Work order: Go through the lines below and tally each one holding "most". Write only the total.

Provided records:
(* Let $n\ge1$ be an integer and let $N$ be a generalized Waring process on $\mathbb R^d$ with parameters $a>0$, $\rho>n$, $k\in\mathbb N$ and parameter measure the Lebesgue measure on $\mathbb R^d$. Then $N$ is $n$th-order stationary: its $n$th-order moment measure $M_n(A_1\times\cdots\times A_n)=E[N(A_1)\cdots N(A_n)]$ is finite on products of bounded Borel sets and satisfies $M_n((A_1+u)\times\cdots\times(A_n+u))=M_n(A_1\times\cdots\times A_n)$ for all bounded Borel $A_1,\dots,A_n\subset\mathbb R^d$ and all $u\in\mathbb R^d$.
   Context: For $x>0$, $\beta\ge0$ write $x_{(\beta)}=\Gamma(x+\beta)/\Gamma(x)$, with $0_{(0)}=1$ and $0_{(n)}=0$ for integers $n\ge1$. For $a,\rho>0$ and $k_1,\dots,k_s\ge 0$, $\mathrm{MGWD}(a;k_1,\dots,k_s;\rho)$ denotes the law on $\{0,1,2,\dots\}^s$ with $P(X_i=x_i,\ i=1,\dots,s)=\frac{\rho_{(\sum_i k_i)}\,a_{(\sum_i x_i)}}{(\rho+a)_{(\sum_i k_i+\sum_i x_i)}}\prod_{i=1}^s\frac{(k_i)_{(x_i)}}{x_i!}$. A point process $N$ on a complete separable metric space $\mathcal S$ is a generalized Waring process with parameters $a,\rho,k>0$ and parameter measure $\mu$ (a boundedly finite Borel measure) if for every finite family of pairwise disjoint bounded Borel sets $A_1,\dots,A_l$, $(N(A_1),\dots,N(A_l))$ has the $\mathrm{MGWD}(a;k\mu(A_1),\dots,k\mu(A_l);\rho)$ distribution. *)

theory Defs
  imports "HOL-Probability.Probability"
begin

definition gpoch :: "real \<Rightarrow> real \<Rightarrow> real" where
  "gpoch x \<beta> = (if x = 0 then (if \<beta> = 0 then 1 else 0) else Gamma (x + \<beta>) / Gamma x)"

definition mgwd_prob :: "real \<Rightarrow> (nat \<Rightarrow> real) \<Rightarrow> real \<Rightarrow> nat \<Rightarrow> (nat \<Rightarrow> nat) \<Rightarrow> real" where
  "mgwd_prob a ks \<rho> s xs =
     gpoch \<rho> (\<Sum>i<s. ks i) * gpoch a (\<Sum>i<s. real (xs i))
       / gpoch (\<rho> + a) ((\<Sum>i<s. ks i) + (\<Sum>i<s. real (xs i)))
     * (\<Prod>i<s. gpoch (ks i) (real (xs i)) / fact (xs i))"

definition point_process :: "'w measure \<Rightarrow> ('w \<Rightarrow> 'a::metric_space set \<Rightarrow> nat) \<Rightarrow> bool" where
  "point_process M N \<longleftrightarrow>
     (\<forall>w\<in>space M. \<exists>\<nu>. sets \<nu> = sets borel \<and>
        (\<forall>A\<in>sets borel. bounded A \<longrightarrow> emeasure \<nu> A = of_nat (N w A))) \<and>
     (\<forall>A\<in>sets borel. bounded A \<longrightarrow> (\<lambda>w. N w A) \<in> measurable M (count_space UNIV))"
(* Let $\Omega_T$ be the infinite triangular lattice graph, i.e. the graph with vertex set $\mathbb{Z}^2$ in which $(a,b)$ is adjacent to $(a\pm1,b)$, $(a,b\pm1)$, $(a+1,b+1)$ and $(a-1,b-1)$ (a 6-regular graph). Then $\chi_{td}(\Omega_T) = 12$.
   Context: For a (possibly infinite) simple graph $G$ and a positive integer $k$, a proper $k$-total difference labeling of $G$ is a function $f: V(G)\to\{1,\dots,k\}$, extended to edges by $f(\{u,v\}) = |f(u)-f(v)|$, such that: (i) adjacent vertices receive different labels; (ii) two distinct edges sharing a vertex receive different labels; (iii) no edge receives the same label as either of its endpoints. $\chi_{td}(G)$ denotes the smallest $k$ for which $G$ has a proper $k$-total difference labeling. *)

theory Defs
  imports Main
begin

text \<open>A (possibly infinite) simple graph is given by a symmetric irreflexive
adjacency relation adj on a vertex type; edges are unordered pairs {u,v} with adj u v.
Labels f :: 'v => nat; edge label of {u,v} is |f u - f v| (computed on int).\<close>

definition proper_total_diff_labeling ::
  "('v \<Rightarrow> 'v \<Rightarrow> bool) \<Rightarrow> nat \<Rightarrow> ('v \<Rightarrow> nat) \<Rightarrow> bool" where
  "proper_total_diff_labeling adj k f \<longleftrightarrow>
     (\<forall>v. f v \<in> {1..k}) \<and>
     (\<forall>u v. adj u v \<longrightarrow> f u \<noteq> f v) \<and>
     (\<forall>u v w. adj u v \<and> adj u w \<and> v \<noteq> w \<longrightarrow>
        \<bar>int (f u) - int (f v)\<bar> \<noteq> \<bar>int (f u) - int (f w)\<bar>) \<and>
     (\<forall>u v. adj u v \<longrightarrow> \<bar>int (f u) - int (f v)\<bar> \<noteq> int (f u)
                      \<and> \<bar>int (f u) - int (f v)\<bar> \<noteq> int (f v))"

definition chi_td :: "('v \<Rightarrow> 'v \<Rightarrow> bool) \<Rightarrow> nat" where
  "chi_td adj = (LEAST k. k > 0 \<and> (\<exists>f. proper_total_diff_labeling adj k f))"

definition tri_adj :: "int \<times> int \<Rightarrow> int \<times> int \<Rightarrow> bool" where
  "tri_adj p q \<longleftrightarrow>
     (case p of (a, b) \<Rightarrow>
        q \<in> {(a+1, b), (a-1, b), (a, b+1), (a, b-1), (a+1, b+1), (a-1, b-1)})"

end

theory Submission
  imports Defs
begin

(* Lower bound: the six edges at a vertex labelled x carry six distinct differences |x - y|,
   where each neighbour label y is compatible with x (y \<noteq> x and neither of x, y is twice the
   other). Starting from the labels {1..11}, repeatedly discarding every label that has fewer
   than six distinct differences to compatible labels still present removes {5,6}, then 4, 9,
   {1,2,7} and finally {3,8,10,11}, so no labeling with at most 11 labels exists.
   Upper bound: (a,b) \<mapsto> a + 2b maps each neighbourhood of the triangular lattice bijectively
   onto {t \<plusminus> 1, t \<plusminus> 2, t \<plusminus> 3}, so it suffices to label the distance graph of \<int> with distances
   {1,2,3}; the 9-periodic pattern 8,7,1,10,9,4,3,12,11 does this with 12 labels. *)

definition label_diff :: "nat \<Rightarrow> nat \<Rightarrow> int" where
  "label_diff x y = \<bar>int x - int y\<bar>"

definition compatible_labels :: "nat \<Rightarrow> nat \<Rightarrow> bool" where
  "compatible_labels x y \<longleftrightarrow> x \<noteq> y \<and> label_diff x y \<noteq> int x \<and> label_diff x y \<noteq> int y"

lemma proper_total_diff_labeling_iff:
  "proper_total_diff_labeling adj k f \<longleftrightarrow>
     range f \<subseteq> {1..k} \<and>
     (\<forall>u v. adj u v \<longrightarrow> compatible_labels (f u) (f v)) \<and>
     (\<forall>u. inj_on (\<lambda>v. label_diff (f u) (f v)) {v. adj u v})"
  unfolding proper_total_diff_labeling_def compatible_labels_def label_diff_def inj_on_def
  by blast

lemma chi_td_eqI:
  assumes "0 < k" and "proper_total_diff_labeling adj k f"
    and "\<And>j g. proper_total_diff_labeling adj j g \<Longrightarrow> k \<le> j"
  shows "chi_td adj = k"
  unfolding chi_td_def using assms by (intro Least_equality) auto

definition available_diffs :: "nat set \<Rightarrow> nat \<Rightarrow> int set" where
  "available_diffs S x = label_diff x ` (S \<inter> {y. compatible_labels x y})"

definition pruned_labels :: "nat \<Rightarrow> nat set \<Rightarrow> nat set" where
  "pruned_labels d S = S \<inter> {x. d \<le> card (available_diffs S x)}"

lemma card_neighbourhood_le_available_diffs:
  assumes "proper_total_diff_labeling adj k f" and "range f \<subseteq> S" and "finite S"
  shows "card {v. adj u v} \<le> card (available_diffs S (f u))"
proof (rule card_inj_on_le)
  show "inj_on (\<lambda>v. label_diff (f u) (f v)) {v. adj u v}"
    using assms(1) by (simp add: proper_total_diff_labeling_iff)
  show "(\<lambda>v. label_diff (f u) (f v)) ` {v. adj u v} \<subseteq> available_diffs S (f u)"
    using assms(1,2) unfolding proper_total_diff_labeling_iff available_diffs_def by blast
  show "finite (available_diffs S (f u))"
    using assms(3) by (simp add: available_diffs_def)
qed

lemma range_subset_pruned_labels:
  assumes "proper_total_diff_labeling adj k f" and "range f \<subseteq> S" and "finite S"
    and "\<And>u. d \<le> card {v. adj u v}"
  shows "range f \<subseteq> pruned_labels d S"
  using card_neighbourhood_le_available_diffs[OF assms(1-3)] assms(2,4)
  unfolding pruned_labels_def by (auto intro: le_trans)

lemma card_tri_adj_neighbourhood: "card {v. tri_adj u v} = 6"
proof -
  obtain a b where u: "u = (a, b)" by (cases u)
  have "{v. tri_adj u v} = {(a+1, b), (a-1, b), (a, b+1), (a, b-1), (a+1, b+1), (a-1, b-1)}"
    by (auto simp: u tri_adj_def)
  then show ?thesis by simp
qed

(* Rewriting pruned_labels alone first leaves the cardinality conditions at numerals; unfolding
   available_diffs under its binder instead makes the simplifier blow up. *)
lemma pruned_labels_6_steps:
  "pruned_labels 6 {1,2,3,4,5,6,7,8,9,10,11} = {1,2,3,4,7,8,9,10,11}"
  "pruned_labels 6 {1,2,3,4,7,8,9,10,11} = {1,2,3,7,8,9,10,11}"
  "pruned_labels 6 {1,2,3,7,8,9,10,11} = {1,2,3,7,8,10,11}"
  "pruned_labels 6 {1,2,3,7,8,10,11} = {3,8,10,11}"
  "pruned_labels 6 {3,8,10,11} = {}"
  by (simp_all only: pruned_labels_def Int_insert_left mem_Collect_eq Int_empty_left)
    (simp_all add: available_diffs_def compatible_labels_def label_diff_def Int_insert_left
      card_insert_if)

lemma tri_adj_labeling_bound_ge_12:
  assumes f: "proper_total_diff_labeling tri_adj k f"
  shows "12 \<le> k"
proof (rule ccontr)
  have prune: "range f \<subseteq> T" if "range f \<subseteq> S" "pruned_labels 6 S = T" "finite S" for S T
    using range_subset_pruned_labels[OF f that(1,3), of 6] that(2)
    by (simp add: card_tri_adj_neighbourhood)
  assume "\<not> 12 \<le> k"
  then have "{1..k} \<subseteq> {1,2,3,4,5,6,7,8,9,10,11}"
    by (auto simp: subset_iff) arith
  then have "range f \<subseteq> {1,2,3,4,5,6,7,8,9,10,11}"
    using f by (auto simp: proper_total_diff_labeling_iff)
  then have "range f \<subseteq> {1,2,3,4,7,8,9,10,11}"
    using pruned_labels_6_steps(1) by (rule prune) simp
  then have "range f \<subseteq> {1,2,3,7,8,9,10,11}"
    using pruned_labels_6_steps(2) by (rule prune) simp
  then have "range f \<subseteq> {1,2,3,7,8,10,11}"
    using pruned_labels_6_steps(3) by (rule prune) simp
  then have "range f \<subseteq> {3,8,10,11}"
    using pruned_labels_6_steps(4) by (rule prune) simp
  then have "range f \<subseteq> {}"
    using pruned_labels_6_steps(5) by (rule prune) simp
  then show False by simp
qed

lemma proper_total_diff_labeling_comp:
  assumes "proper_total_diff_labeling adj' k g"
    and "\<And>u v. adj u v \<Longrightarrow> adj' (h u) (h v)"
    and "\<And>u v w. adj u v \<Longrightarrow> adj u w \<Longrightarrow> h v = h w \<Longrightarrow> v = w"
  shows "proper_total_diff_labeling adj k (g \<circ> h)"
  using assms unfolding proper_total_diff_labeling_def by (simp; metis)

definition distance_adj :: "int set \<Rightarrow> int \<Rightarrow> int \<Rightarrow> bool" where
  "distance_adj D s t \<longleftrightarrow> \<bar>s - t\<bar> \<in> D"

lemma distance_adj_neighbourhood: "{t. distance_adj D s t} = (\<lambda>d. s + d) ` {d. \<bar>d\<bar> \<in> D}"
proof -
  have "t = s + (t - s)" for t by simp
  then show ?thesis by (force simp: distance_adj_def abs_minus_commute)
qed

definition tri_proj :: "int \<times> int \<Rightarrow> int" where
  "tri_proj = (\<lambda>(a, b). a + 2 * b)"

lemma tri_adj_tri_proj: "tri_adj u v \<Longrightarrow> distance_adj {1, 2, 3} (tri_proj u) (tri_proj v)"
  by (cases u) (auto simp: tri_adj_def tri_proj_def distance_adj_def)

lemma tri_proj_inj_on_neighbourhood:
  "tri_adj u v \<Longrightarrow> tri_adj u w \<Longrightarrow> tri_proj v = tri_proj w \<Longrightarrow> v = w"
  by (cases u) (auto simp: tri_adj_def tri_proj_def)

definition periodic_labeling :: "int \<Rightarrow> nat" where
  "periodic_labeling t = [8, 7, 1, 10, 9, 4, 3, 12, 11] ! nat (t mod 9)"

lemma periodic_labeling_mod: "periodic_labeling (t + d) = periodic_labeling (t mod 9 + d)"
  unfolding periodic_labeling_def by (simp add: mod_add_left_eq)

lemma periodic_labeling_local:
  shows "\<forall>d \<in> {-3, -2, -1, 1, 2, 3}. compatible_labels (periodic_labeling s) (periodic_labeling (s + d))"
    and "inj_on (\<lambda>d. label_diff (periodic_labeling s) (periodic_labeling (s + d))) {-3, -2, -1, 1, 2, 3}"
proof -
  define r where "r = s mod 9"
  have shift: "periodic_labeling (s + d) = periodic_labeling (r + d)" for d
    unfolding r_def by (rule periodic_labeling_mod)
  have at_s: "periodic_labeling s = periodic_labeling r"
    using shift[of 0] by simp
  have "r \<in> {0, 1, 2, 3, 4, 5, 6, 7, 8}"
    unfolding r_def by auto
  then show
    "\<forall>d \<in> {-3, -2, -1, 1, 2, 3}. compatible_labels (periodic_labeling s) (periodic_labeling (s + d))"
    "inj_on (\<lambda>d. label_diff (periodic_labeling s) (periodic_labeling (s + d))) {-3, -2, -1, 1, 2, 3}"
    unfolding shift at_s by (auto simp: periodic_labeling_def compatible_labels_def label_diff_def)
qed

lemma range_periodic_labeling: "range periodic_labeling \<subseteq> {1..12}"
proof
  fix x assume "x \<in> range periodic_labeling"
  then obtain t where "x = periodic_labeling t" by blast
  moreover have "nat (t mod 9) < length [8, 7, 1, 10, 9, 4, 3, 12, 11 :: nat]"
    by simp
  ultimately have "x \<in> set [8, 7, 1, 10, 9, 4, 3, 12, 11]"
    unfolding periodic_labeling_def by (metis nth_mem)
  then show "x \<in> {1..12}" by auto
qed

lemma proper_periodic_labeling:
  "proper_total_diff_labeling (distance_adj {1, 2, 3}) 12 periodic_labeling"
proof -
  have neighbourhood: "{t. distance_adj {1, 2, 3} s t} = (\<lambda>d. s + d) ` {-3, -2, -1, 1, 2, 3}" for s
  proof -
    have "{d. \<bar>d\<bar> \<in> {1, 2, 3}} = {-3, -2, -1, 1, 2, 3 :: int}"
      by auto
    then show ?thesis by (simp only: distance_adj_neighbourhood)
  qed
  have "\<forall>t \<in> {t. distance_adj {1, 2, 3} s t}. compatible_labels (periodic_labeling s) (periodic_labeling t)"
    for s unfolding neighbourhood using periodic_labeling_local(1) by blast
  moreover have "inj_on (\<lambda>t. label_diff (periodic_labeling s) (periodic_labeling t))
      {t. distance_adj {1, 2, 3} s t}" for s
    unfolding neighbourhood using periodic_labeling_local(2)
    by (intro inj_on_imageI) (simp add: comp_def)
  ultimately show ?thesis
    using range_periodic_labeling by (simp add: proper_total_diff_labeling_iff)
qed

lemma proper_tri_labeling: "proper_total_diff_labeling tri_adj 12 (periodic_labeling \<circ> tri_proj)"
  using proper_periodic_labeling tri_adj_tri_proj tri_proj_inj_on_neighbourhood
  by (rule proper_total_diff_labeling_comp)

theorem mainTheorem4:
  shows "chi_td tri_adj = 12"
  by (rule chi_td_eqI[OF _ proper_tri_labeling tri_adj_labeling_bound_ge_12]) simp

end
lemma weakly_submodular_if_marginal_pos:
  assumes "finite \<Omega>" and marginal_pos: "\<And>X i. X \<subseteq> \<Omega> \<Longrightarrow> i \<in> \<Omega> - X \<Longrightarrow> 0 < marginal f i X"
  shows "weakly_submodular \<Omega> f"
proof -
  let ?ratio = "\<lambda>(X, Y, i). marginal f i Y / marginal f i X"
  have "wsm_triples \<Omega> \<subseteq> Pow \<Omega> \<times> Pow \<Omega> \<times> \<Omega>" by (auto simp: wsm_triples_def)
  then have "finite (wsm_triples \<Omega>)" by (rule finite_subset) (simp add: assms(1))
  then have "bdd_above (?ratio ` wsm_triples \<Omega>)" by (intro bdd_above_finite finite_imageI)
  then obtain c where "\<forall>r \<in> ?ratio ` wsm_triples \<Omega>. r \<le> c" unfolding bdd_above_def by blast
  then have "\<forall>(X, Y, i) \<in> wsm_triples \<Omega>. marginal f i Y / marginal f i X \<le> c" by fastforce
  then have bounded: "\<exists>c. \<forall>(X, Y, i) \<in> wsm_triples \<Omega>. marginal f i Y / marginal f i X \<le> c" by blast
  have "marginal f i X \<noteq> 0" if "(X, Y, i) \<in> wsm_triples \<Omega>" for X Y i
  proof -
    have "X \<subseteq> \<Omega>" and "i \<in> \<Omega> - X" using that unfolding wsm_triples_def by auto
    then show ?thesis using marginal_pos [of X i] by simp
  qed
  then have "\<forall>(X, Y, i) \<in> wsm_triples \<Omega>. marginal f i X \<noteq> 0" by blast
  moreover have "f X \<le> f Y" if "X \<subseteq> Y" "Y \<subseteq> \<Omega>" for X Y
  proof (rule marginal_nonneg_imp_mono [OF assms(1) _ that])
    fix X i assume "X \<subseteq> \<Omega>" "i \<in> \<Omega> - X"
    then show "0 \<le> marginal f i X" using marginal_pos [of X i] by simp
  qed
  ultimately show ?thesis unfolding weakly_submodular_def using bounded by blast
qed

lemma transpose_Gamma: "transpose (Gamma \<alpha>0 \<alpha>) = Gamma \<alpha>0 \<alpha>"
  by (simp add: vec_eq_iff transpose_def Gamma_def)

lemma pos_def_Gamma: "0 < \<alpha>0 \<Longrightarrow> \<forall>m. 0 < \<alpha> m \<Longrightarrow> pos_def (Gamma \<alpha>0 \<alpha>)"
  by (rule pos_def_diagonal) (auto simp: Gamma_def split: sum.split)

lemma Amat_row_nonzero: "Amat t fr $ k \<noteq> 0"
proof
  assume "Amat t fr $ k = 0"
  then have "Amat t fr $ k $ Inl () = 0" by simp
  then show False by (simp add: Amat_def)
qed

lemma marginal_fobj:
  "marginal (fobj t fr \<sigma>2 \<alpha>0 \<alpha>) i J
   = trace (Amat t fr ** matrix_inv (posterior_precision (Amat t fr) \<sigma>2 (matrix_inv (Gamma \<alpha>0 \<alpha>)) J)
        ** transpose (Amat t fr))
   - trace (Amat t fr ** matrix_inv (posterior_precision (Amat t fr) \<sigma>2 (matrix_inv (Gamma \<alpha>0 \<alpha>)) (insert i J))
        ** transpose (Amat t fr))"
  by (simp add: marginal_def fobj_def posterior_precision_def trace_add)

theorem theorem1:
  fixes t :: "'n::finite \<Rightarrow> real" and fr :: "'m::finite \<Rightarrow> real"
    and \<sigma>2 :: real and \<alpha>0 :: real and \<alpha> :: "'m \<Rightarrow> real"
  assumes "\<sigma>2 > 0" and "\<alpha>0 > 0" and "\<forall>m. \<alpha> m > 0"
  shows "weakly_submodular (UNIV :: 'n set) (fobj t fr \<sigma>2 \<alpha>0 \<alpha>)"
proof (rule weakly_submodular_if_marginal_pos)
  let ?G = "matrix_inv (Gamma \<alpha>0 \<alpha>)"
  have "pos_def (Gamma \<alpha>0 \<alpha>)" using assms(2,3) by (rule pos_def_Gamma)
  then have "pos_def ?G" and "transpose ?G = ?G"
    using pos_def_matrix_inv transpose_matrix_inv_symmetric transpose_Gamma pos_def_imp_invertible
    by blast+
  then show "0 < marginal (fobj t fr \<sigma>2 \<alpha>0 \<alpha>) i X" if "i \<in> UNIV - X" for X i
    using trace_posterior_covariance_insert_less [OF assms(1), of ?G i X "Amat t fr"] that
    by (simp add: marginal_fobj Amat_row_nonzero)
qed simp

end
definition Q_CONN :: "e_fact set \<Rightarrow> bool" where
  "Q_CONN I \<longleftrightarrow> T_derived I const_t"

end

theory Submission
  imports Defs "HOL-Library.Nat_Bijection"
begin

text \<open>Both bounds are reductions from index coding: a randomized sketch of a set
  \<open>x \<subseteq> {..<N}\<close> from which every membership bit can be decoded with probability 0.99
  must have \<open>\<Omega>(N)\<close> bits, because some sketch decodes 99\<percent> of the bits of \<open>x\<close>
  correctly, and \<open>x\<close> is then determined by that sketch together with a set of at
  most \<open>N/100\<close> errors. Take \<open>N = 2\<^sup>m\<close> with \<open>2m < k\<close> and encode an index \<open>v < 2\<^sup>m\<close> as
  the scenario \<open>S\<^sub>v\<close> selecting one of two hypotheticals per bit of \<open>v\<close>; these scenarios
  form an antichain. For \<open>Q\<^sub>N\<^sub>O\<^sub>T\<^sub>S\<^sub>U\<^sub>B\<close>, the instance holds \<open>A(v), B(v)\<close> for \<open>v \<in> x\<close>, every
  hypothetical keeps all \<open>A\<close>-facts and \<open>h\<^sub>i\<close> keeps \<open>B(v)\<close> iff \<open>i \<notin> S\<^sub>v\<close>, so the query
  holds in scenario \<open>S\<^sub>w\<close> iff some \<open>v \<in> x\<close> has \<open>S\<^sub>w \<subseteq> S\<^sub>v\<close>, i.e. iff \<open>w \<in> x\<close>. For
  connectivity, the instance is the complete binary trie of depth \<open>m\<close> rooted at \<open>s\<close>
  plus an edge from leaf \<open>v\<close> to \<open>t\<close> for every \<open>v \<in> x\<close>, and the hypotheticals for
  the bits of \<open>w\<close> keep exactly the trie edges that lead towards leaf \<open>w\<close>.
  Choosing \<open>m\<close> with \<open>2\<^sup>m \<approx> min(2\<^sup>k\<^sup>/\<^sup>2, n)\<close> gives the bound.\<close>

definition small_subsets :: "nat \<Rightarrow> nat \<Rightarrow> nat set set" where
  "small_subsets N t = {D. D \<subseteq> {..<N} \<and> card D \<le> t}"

Task response: 2